definition ord_mod :: "int \<Rightarrow> int \<Rightarrow> real \<Rightarrow> nat" where
  "ord_mod D m u = (LEAST n::nat. n > 0 \<and> congOK D m (u ^ n) 1)"

end

theory Submission
  imports Defs "HOL-Analysis.Kronecker_Approximation_Theorem"
begin

(*
  The ring of integers is {(A + B sqrt D)/2 | 4 dvd A^2 - D B^2}: an algebraic integer of K
  has integral norm (its powers have bounded denominators) and integral trace. This makes
  congruences modulo m Z_K concrete, and together with Pell's equation (via Dirichlet's
  approximation theorem) it shows that the fundamental unit u_K exists.

  Put u = u_D and x = u^l. Since x^3 - 1 = (x - 1) x d_l(D), the hypothesis p^2 | d_l(D) gives
  u_K^(6l) = 1 mod p^2. Minimality of l forces p not to divide l: the integers t_j = u^j + u^-j
  satisfy t_(pj) = t_j^p = t_j mod p (freshman's dream in Z_K and Fermat). Hence the order M of
  u_K modulo p^2 divides 6l and, as p >= 5, is prime to p. If m is the order modulo p, then
  u_K^(mp) = 1 mod p^2, so M divides mp and thus m; and m divides M trivially.
*)

lemma Ints_if_bounded_power_denominators:
  fixes q :: "'a :: field_char_0"
  assumes "q \<in> \<rat>" and "c > 0" and "\<And>k. of_int c * q ^ k \<in> \<int>"
  shows "q \<in> \<int>"
proof -
  obtain a b where ab: "b > 0" "coprime a b" and q: "q = of_int a / of_int b"
    using assms(1) by (auto elim: Rats_cases')
  have "b ^ k dvd c" for k
  proof -
    obtain z where "of_int c * q ^ k = of_int z"
      using assms(3)[of k] by (auto elim: Ints_cases)
    then have "of_int c * of_int a ^ k = (of_int z * of_int b ^ k :: 'a)"
      using ab(1) by (simp add: q power_divide field_simps)
    then have "c * a ^ k = z * b ^ k"
      by (metis of_int_eq_iff of_int_mult of_int_power)
    then have "b ^ k dvd c * a ^ k"
      by simp
    with ab(2) show ?thesis
      by (simp add: coprime_dvd_mult_left_iff coprime_commute)
  qed
  have "b = 1"
  proof (rule ccontr)
    assume "b \<noteq> 1"
    with ab(1) have "2 ^ nat c \<le> b ^ nat c"
      by (intro power_mono) auto
    also have "\<dots> \<le> c"
      using \<open>b ^ nat c dvd c\<close> assms(2) by (simp add: zdvd_imp_le)
    finally have "2 ^ nat c \<le> c" .
    moreover have "int (nat c) < 2 ^ nat c"
      by (metis less_exp of_nat_less_iff of_nat_numeral of_nat_power)
    ultimately show False
      using assms(2) by linarith
  qed
  then show ?thesis
    by (simp add: q)
qed

lemma Rats_common_denominator:
  fixes A :: "'a :: field_char_0 set"
  assumes "finite A" and "A \<subseteq> \<rat>"
  shows "\<exists>c::int. c > 0 \<and> (\<forall>q\<in>A. of_int c * q \<in> \<int>)"
  using assms
proof (induction A rule: finite_induct)
  case empty
  show ?case
    by (intro exI[of _ 1]) simp
next
  case (insert q A)
  then obtain c where c: "c > 0" "\<forall>r\<in>A. of_int c * r \<in> \<int>"
    by auto
  obtain a b where ab: "b > 0" and q: "q = of_int a / of_int b"
    using insert.prems by (auto elim: Rats_cases')
  have "of_int (c * b) * r \<in> \<int>" if "r \<in> A" for r
    using c(2) that by (metis Ints_mult Ints_of_int mult.commute mult.left_commute of_int_mult)
  moreover have "of_int (c * b) * q = (of_int (c * a) :: 'a)"
    using ab by (simp add: q)
  then have "of_int (c * b) * q \<in> \<int>"
    by (metis Ints_of_int)
  ultimately show ?case
    using c(1) ab by (intro exI[of _ "c * b"]) (auto simp: zero_less_mult_iff)
qed

lemma monic_root_power_as_low_degree_poly:
  fixes P :: "'a :: comm_ring_1 poly"
  assumes P: "lead_coeff P = 1" "\<forall>i. coeff P i \<in> \<int>" "poly P x = 0"
  shows "\<exists>r. degree r < degree P \<and> (\<forall>i. coeff r i \<in> \<int>) \<and> poly r x = x ^ k"
proof -
  define n where "n = degree P"
  have "n > 0"
    using P by (intro Nat.gr0I) (auto simp: n_def elim!: degree_eq_zeroE)
  then obtain m where m: "n = Suc m"
    using not0_implies_Suc by blast
  have "\<exists>r. degree r < n \<and> (\<forall>i. coeff r i \<in> \<int>) \<and> poly r x = x ^ k"
  proof (induction k)
    case 0
    show ?case
      using \<open>n > 0\<close> by (intro exI[of _ 1]) auto
  next
    case (Suc k)
    then obtain r where r: "degree r < n" "\<forall>i. coeff r i \<in> \<int>" "poly r x = x ^ k"
      by blast
    \<comment> \<open>multiply by \<open>x\<close> and cancel the leading term with \<open>P\<close>\<close>
    define r' where "r' = pCons 0 r - smult (coeff r m) P"
    have "degree r' \<le> n"
      unfolding r'_def using r(1) degree_pCons_le[of 0 r]
      by (intro degree_diff_le) (auto simp: n_def degree_smult_le)
    moreover have "coeff r' n = 0"
      using P(1) by (simp add: r'_def m n_def[symmetric])
    ultimately have "degree r' < n"
      using \<open>n > 0\<close> by (metis le_neq_implies_less leading_coeff_0_iff degree_0 less_not_refl)
    moreover have "\<forall>i. coeff r' i \<in> \<int>"
      using r(2) P(2) by (auto simp: r'_def coeff_pCons split: nat.split)
    moreover have "poly r' x = x ^ Suc k"
      using r(3) P(3) by (simp add: r'_def)
    ultimately show ?case
      by blast
  qed
  then show ?thesis
    by (simp add: n_def)
qed

lemma algebraic_int_powers_in_finite_span:
  assumes "algebraic_int x"
  obtains n where "\<And>k. \<exists>z::nat \<Rightarrow> int. x ^ k = (\<Sum>i<n. of_int (z i) * x ^ i)"
proof -
  obtain P where P: "lead_coeff P = 1" "\<forall>i. coeff P i \<in> \<int>" "poly P x = 0"
    using assms by (auto simp: algebraic_int.simps)
  show ?thesis
  proof (rule that)
    fix k
    obtain r where r: "degree r < degree P" "\<forall>i. coeff r i \<in> \<int>" "poly r x = x ^ k"
      using monic_root_power_as_low_degree_poly[OF P] by blast
    have "\<forall>i. \<exists>z. coeff r i = of_int z"
      using r(2) by (meson Ints_cases)
    then obtain z where z: "\<And>i. coeff r i = of_int (z i)"
      by metis
    have "poly r x = (\<Sum>i<degree P. coeff r i * x ^ i)"
      using r(1) by (simp add: poly_altdef) (intro sum.mono_neutral_left, auto simp: coeff_eq_0)
    then show "\<exists>z::nat \<Rightarrow> int. x ^ k = (\<Sum>i<degree P. of_int (z i) * x ^ i)"
      using r(3) by (auto simp: z)
  qed
qed

lemma algebraic_int_add_of_int:
  assumes "algebraic_int x"
  shows "algebraic_int (x + of_int m)"
proof -
  obtain P where P: "lead_coeff P = 1" "\<forall>i. coeff P i \<in> \<int>" "poly P x = 0"
    using assms by (auto simp: algebraic_int.simps)
  define Q where "Q = pcompose P [:- of_int m, 1:]"
  have "poly Q (x + of_int m) = 0"
    by (simp add: Q_def poly_pcompose P)
  moreover have "lead_coeff Q = 1"
    using P(1) by (simp add: Q_def lead_coeff_comp)
  moreover have "\<forall>i. coeff Q i \<in> \<int>"
    unfolding Q_def using P(2)
    by (intro allI coeff_pcompose_semiring_closed) (auto simp: coeff_pCons split: nat.split)
  ultimately show ?thesis
    by (intro algebraic_int.intros)
qed

lemma squarefree_mult_square_in_Ints:
  fixes D :: int and q :: "'a :: field_char_0"
  assumes "squarefree D" and "q \<in> \<rat>" and "of_int D * q ^ 2 \<in> \<int>"
  shows "q \<in> \<int>"
proof -
  obtain a b where ab: "b > 0" "coprime a b" and q: "q = of_int a / of_int b"
    using assms(2) by (auto elim: Rats_cases')
  obtain z where "of_int D * q ^ 2 = of_int z"
    using assms(3) by (auto elim: Ints_cases)
  then have "of_int D * of_int a ^ 2 = (of_int z * of_int b ^ 2 :: 'a)"
    using ab(1) by (simp add: q power_divide field_simps)
  then have "D * a ^ 2 = z * b ^ 2"
    by (metis of_int_eq_iff of_int_mult of_int_power)
  then have "b ^ 2 dvd D * a ^ 2"
    by simp
  with ab(2) have "b ^ 2 dvd D"
    by (simp add: coprime_dvd_mult_left_iff coprime_commute)
  with assms(1) ab(1) have "b = 1"
    by (auto simp: squarefree_def)
  then show ?thesis
    by (simp add: q)
qed

lemma power_add_prime:
  fixes a b :: "'a :: comm_ring_1"
  assumes "prime p"
  shows "(a + b) ^ p = a ^ p + b ^ p
           + of_nat p * (\<Sum>k\<in>{1..<p}. of_nat ((p choose k) div p) * a ^ k * b ^ (p - k))"
proof -
  have p2: "p \<ge> 2"
    using assms prime_ge_2_nat by blast
  have "(a + b) ^ p = (\<Sum>k\<le>p. of_nat (p choose k) * a ^ k * b ^ (p - k))"
    by (rule binomial_ring)
  also have "{..p} = insert 0 (insert p {1..<p})"
    using p2 by auto
  also have "(\<Sum>k\<in>\<dots>. of_nat (p choose k) * a ^ k * b ^ (p - k))
      = b ^ p + a ^ p + (\<Sum>k\<in>{1..<p}. of_nat (p choose k) * a ^ k * b ^ (p - k))"
    using p2 by (simp add: sum.insert)
  also have "(\<Sum>k\<in>{1..<p}. of_nat (p choose k) * a ^ k * b ^ (p - k))
      = of_nat p * (\<Sum>k\<in>{1..<p}. of_nat ((p choose k) div p) * a ^ k * b ^ (p - k))"
    unfolding sum_distrib_left
  proof (intro sum.cong refl)
    fix k assume "k \<in> {1..<p}"
    then have "p dvd (p choose k)"
      using assms by (intro dvd_choose_prime) auto
    then show "of_nat (p choose k) * a ^ k * b ^ (p - k)
        = of_nat p * (of_nat ((p choose k) div p) * a ^ k * b ^ (p - k))"
      by (metis (no_types, lifting) dvd_mult_div_cancel mult.assoc of_nat_mult)
  qed
  finally show ?thesis
    by (simp add: add_ac)
qed

lemma prime_dvd_power_self:
  fixes t :: int
  assumes "prime p"
  shows "int p dvd t ^ p - t"
proof -
  have nonneg: "int p dvd int n ^ p - int n" for n
  proof (induction n)
    case 0
    then show ?case
      using assms by (simp add: prime_gt_0_nat power_0_left)
  next
    case (Suc n)
    let ?S = "\<Sum>k\<in>{1..<p}. int ((p choose k) div p) * int n ^ k"
    have "(int n + 1) ^ p = int n ^ p + 1 + int p * ?S"
      using power_add_prime[OF assms, of "int n" 1] by simp
    then have "int (Suc n) ^ p - int (Suc n) = (int n ^ p - int n) + int p * ?S"
      by (simp add: add.commute)
    then show ?case
      using Suc.IH by (metis dvd_add dvd_triv_left)
  qed
  have "int p dvd (t mod int p) ^ p - t mod int p"
    using nonneg[of "nat (t mod int p)"] assms by (simp add: prime_gt_0_nat)
  then have "(t mod int p) ^ p mod int p = t mod int p mod int p"
    by (simp only: mod_eq_dvd_iff)
  then have "t ^ p mod int p = t mod int p"
    by (simp add: power_mod)
  then show ?thesis
    by (simp add: mod_eq_dvd_iff)
qed

lemma power_add_inverse_power_in_Ints:
  fixes u :: "'a :: field"
  assumes "u \<noteq> 0" and "u + inverse u \<in> \<int>"
  shows "u ^ j + inverse u ^ j \<in> \<int>"
proof -
  let ?t = "\<lambda>j. u ^ j + inverse u ^ j"
  have rec: "?t (Suc (Suc j)) = ?t 1 * ?t (Suc j) - ?t j" for j
    using assms(1) by (simp add: field_simps)
  have "?t j \<in> \<int> \<and> ?t (Suc j) \<in> \<int>"
    by (induction j) (use assms(2) rec in \<open>auto intro: Ints_diff Ints_mult\<close>)
  then show ?thesis
    by blast
qed

lemma infinite_Dirichlet_approximations:
  fixes \<theta> :: real
  assumes "\<theta> \<notin> \<rat>"
  shows "infinite {(h :: int, k :: int). k > 0 \<and> \<bar>of_int k * \<theta> - of_int h\<bar> < 1 / of_int k}"
    (is "infinite ?S")
proof
  assume fin: "finite ?S"
  define F where "F = (\<lambda>(h :: int, k :: int). \<bar>of_int k * \<theta> - of_int h\<bar>)"
  have F_pos: "F a > 0" if a_in: "a \<in> ?S" for a
  proof -
    obtain h k where a: "a = (h, k)" and "k > 0"
      using a_in by (cases a) auto
    have "of_int k * \<theta> \<noteq> of_int h"
    proof
      assume "of_int k * \<theta> = of_int h"
      with \<open>k > 0\<close> have "\<theta> = of_int h / of_int k"
        by (simp add: field_simps)
      with assms show False
        by simp
    qed
    then show ?thesis
      by (simp add: F_def a)
  qed
  define m where "m = Min (insert 1 (F ` ?S))"
  have "m > 0"
    unfolding m_def using fin F_pos by (subst Min_gr_iff) auto
  have m_le: "m \<le> F a" if "a \<in> ?S" for a
    unfolding m_def using fin that by (intro Min_le) auto
  \<comment> \<open>Dirichlet's theorem with \<open>N > 1/m\<close> gives an approximation better than all of them\<close>
  define N where "N = nat \<lceil>1 / m\<rceil> + 1"
  have "N > 0"
    by (simp add: N_def)
  have "real N > 1 / m"
    unfolding N_def by linarith
  then have N_m: "1 / real N < m"
    using \<open>m > 0\<close> \<open>N > 0\<close> by (simp add: field_simps)
  obtain h k where hk: "0 < k" "k \<le> int N" "\<bar>of_int k * \<theta> - of_int h\<bar> < 1 / real N"
    using Dirichlet_approx[OF \<open>N > 0\<close>, of \<theta>] by blast
  have "1 / real N \<le> 1 / of_int k"
    using hk by (simp add: frac_le)
  then have "(h, k) \<in> ?S"
    using hk by auto
  then have "m \<le> \<bar>of_int k * \<theta> - of_int h\<bar>"
    using m_le by (force simp: F_def)
  with hk(3) N_m show False
    by simp
qed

What the task requires:
When the line with "q ^ 2 = of_int" is reached in the data above, start copying there, and copy each line exactly until the line with "using assms by (intro" has been copied; copy nothing else.

Solution to this exercise:
  obtain z where "of_int D * q ^ 2 = of_int z"
    using assms(3) by (auto elim: Ints_cases)
  then have "of_int D * of_int a ^ 2 = (of_int z * of_int b ^ 2 :: 'a)"
    using ab(1) by (simp add: q power_divide field_simps)
  then have "D * a ^ 2 = z * b ^ 2"
    by (metis of_int_eq_iff of_int_mult of_int_power)
  then have "b ^ 2 dvd D * a ^ 2"
    by simp
  with ab(2) have "b ^ 2 dvd D"
    by (simp add: coprime_dvd_mult_left_iff coprime_commute)
  with assms(1) ab(1) have "b = 1"
    by (auto simp: squarefree_def)
  then show ?thesis
    by (simp add: q)
qed

lemma power_add_prime:
  fixes a b :: "'a :: comm_ring_1"
  assumes "prime p"
  shows "(a + b) ^ p = a ^ p + b ^ p
           + of_nat p * (\<Sum>k\<in>{1..<p}. of_nat ((p choose k) div p) * a ^ k * b ^ (p - k))"
proof -
  have p2: "p \<ge> 2"
    using assms prime_ge_2_nat by blast
  have "(a + b) ^ p = (\<Sum>k\<le>p. of_nat (p choose k) * a ^ k * b ^ (p - k))"
    by (rule binomial_ring)
  also have "{..p} = insert 0 (insert p {1..<p})"
    using p2 by auto
  also have "(\<Sum>k\<in>\<dots>. of_nat (p choose k) * a ^ k * b ^ (p - k))
      = b ^ p + a ^ p + (\<Sum>k\<in>{1..<p}. of_nat (p choose k) * a ^ k * b ^ (p - k))"
    using p2 by (simp add: sum.insert)
  also have "(\<Sum>k\<in>{1..<p}. of_nat (p choose k) * a ^ k * b ^ (p - k))
      = of_nat p * (\<Sum>k\<in>{1..<p}. of_nat ((p choose k) div p) * a ^ k * b ^ (p - k))"
    unfolding sum_distrib_left
  proof (intro sum.cong refl)
    fix k assume "k \<in> {1..<p}"
    then have "p dvd (p choose k)"
      using assms by (intro dvd_choose_prime) auto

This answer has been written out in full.